__MATERIAL FOR THIS EXERCISE__.
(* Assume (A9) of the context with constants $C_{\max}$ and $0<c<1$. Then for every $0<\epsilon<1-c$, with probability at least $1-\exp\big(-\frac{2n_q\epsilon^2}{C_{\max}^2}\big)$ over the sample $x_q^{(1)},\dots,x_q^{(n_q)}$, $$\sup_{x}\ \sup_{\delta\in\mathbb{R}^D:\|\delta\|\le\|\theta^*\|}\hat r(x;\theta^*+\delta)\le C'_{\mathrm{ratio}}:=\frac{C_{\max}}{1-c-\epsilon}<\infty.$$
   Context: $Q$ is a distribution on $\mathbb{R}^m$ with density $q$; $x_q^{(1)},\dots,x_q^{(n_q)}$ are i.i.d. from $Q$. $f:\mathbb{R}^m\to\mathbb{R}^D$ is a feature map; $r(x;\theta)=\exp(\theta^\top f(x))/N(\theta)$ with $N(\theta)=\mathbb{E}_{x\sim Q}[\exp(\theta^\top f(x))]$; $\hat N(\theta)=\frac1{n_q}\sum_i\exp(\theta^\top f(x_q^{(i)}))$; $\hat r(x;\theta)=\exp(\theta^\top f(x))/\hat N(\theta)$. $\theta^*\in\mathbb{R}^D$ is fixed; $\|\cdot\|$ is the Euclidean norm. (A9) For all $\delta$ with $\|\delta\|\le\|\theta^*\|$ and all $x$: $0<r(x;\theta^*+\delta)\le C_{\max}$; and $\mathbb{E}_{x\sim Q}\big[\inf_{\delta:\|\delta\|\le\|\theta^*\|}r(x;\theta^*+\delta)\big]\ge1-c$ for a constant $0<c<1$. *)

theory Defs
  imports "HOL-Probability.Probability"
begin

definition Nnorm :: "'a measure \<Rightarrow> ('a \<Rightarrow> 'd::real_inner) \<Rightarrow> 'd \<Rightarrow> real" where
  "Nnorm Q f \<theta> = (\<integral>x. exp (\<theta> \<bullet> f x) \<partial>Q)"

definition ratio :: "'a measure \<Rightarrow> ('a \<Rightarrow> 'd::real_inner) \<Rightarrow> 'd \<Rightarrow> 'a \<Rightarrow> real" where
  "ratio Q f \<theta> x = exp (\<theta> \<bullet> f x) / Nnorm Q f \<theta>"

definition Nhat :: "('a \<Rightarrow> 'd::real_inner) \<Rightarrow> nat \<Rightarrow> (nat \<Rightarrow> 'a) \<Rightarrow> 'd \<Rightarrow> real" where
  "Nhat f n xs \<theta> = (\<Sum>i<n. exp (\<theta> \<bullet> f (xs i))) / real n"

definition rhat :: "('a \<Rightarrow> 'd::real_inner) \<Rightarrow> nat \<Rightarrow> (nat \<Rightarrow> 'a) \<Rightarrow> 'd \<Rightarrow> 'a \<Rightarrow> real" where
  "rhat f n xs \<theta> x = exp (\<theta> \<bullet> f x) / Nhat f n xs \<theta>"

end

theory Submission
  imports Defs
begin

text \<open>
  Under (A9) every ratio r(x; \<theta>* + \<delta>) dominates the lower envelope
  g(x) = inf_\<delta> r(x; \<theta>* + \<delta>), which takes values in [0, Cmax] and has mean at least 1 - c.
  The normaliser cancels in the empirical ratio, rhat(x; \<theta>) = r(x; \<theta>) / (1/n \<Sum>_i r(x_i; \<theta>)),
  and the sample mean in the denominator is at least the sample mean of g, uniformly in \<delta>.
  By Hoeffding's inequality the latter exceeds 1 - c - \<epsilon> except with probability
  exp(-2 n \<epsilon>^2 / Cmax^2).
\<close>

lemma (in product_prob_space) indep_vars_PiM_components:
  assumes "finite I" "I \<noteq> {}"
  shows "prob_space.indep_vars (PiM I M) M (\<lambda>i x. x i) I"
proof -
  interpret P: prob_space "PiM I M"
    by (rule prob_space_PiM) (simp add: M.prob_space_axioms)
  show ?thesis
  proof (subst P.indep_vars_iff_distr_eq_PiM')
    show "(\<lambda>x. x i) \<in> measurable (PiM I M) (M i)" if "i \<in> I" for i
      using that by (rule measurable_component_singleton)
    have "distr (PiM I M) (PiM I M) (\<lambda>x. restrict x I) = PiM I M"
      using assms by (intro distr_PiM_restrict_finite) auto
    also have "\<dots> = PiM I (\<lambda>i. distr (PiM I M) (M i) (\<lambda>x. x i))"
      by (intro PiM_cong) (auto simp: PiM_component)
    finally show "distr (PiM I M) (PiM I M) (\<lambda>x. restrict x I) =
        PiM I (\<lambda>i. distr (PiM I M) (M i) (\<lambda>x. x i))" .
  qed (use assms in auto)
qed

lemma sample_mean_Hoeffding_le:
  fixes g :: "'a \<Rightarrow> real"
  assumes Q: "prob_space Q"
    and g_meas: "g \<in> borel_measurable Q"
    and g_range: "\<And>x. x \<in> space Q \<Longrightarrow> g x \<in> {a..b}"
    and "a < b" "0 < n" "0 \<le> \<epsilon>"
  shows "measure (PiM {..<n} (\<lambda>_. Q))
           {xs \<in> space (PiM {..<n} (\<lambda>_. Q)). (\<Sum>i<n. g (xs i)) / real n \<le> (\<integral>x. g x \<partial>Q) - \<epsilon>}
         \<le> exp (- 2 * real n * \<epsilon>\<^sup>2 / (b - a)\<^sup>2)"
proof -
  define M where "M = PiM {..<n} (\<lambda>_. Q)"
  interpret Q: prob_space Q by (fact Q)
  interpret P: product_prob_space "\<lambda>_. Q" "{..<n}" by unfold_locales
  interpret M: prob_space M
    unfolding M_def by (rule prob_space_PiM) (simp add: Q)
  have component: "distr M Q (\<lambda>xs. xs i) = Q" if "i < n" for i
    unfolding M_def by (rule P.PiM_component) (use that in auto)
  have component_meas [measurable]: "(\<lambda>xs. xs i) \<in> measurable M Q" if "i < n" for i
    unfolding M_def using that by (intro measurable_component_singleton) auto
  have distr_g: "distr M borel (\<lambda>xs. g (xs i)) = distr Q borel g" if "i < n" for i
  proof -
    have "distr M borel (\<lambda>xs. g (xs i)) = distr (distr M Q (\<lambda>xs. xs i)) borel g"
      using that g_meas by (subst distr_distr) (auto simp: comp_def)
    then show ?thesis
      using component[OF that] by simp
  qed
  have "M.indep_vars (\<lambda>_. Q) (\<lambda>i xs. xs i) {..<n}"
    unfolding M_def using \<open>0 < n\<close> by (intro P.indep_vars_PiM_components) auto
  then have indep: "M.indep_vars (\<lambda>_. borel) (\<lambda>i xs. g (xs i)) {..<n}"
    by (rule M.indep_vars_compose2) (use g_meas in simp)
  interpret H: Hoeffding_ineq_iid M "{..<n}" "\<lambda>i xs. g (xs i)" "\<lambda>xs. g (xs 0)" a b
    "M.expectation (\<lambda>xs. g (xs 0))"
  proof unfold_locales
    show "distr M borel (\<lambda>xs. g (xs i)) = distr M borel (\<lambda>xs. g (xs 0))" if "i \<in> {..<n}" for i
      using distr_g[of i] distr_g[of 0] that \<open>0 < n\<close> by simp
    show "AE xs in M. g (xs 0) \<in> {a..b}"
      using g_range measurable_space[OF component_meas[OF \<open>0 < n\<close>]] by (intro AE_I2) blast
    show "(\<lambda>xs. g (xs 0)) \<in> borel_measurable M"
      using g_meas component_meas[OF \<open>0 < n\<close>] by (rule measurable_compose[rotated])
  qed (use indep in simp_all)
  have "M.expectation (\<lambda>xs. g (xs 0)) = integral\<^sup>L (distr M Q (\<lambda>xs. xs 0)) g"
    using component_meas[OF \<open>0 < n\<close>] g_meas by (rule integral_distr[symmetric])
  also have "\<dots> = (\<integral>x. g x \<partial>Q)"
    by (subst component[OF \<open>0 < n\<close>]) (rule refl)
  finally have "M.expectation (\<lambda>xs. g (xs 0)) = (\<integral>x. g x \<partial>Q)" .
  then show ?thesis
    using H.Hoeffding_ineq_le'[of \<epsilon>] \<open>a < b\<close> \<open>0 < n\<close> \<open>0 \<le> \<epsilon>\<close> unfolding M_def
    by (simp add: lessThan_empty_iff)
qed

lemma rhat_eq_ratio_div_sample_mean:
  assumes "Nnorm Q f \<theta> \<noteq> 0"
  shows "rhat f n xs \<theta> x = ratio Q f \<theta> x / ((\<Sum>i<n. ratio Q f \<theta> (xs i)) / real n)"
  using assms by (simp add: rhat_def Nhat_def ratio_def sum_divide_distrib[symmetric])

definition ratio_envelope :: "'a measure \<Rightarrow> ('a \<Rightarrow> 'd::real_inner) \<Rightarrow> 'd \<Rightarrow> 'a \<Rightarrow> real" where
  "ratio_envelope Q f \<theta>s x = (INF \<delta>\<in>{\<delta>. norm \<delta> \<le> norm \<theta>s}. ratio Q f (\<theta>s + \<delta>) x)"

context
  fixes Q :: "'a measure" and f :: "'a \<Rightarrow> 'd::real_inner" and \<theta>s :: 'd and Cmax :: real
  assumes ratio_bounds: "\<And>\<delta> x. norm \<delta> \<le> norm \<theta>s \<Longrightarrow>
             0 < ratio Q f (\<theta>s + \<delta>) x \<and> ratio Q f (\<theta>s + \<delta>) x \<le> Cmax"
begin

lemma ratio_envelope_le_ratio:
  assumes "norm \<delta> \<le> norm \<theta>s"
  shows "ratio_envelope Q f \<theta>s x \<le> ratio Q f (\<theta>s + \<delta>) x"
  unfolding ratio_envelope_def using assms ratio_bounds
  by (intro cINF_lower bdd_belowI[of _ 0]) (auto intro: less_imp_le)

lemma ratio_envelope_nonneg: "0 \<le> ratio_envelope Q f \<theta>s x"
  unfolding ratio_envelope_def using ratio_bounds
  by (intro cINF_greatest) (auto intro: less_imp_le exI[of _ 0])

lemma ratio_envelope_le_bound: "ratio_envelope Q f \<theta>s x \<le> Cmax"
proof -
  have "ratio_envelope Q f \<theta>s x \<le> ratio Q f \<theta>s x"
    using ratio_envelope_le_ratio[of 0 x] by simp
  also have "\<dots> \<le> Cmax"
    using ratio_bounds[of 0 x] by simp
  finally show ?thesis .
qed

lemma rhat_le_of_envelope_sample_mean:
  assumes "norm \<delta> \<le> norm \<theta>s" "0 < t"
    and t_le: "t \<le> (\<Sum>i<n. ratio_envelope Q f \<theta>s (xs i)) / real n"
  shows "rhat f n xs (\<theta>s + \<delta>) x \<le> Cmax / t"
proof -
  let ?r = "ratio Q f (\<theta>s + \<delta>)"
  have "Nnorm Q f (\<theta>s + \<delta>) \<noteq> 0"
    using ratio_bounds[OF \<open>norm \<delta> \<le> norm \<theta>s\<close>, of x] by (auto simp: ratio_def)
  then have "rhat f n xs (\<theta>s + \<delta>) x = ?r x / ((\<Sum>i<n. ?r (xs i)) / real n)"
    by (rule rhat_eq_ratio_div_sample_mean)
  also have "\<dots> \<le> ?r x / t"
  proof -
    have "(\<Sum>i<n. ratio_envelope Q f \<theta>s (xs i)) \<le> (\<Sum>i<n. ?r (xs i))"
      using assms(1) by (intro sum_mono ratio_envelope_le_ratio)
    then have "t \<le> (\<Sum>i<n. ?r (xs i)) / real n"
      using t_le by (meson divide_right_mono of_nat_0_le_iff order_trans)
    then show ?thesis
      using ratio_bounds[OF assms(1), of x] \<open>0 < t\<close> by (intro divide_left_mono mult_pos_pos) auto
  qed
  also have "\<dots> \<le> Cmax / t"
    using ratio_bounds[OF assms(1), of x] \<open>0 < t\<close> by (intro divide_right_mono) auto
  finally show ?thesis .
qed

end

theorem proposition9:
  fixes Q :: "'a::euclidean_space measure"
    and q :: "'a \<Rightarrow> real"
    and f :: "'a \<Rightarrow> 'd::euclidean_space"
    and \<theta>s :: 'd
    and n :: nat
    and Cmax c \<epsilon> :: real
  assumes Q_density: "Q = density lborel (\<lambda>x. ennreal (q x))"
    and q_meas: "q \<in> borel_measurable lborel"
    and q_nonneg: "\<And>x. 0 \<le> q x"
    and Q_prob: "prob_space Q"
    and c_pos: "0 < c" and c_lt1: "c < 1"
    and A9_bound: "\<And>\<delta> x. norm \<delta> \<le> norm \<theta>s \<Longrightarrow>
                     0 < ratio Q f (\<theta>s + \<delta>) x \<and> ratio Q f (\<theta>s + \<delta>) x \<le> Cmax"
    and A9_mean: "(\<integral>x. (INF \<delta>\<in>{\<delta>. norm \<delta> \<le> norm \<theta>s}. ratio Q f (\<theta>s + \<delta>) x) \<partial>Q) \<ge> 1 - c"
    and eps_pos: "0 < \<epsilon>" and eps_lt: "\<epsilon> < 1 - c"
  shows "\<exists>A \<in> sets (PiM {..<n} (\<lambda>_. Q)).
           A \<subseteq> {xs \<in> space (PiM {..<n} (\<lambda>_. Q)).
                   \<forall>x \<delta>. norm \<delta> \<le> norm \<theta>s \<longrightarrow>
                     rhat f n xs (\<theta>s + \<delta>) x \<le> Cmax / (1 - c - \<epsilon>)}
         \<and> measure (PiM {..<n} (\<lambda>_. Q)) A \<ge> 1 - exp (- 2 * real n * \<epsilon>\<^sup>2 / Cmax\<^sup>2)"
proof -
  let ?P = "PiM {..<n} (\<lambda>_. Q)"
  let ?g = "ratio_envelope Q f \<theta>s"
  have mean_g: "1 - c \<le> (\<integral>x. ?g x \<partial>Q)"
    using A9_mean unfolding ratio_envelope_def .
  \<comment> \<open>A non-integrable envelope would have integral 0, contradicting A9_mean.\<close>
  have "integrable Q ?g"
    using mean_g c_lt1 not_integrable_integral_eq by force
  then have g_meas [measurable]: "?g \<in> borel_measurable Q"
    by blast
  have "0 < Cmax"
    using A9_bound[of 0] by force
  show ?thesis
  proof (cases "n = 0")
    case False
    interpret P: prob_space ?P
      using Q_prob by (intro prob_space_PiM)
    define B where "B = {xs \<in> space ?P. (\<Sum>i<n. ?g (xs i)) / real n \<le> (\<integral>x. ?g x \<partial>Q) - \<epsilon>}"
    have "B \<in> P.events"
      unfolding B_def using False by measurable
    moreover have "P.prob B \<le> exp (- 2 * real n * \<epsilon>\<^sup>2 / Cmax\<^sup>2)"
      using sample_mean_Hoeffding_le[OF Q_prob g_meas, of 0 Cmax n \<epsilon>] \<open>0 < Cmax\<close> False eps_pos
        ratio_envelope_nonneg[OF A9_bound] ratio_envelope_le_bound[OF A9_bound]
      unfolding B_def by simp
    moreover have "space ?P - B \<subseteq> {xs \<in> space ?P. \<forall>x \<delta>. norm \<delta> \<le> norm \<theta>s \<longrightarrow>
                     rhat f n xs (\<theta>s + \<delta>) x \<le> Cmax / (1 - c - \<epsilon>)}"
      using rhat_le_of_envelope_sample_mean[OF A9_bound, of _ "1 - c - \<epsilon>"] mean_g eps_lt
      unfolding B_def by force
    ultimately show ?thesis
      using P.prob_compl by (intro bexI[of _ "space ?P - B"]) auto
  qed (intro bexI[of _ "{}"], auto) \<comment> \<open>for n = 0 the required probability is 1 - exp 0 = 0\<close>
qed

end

---

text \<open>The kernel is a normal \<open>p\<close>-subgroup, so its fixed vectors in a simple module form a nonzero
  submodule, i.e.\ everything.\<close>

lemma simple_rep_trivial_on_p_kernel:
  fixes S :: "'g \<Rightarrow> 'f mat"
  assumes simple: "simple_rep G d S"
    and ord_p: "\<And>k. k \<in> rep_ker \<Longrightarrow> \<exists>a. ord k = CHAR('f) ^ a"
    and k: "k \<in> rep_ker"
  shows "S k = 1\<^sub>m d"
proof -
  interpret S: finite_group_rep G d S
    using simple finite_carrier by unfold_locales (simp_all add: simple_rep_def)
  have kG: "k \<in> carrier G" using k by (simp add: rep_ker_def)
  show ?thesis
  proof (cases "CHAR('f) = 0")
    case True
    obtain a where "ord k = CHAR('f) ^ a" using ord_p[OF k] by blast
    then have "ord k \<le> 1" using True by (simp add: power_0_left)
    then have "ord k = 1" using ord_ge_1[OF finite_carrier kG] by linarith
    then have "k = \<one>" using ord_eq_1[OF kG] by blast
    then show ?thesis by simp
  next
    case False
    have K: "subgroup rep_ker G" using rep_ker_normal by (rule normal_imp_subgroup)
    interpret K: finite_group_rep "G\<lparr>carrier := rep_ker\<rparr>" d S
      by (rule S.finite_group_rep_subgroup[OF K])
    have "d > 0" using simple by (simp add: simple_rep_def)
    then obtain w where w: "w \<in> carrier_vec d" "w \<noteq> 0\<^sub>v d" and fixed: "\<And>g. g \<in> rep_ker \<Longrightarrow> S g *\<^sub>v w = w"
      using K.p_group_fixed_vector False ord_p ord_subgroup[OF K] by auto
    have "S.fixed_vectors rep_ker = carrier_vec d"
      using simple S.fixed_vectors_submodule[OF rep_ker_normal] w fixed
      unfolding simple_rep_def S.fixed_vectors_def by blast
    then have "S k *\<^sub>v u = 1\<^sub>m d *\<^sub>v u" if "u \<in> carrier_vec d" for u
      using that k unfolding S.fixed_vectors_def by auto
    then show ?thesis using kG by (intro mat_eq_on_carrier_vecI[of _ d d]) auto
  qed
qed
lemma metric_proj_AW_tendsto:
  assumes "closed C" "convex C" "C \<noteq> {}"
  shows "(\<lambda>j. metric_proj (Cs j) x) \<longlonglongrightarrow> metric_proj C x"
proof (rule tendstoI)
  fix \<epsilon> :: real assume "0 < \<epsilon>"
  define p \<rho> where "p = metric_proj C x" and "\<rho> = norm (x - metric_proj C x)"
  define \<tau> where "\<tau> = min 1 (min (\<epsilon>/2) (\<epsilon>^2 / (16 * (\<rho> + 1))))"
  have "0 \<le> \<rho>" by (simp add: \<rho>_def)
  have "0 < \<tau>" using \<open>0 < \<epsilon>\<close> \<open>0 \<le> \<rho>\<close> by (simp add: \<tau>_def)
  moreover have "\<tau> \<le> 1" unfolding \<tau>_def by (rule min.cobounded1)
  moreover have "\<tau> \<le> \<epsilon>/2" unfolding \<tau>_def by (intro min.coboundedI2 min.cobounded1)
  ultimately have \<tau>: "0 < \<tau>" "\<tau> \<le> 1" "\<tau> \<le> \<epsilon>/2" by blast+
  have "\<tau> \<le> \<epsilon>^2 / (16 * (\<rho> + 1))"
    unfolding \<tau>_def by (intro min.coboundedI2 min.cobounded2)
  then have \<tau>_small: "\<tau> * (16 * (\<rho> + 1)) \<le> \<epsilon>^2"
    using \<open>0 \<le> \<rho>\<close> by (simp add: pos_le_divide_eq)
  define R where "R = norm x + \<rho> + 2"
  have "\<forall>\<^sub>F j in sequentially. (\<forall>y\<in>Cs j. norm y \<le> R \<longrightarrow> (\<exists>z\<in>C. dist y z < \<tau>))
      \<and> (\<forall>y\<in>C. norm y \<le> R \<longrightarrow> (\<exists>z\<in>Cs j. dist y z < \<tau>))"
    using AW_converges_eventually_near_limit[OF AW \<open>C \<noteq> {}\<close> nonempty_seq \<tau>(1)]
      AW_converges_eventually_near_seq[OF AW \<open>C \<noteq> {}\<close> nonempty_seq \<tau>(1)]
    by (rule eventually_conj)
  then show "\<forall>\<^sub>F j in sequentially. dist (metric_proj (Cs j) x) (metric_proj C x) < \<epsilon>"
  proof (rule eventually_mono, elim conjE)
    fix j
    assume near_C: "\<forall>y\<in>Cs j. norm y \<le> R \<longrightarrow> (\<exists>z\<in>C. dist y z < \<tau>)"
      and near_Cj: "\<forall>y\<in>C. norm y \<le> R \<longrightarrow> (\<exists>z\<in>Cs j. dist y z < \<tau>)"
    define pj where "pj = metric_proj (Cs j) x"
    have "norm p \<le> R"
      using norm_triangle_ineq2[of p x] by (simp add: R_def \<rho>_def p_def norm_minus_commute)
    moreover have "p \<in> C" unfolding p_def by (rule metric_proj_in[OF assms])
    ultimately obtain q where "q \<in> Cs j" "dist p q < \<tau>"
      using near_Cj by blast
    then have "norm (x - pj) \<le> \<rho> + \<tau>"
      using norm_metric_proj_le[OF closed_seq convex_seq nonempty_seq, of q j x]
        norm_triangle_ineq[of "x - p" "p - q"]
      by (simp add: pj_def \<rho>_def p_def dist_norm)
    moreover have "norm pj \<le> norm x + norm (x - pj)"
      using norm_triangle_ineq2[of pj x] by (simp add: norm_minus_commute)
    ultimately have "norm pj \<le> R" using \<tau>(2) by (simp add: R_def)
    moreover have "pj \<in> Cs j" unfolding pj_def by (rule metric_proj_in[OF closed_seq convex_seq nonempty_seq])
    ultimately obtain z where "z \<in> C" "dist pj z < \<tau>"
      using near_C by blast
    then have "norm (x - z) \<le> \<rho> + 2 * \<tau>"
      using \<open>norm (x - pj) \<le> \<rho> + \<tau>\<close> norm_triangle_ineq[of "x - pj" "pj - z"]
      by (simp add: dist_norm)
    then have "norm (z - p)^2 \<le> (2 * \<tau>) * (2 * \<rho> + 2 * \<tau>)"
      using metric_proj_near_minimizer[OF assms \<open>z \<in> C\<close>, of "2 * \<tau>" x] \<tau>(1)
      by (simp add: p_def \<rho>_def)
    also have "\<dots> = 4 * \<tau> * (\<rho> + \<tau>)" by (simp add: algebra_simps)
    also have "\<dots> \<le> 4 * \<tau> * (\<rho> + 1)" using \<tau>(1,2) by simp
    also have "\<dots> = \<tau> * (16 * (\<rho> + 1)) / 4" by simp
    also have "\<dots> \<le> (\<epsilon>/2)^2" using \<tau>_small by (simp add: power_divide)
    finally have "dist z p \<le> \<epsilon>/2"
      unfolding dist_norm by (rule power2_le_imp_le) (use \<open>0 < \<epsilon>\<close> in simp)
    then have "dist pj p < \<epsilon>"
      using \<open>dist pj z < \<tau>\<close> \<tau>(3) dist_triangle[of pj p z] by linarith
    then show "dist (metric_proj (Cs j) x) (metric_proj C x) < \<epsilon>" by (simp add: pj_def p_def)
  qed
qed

__EXERCISE BRIEF__.
Find the lines above that contain the word "assumes" and collect them.

__EXERCISE SOLUTION__.
  assumes "finite I" "I \<noteq> {}"
  assumes Q: "prob_space Q"
  assumes "Nnorm Q f \<theta> \<noteq> 0"
  assumes ratio_bounds: "\<And>\<delta> x. norm \<delta> \<le> norm \<theta>s \<Longrightarrow>
  assumes "norm \<delta> \<le> norm \<theta>s"
  assumes "norm \<delta> \<le> norm \<theta>s" "0 < t"
  assumes Q_density: "Q = density lborel (\<lambda>x. ennreal (q x))"
  assumes simple: "simple_rep G d S"
  assumes "closed C" "convex C" "C \<noteq> {}"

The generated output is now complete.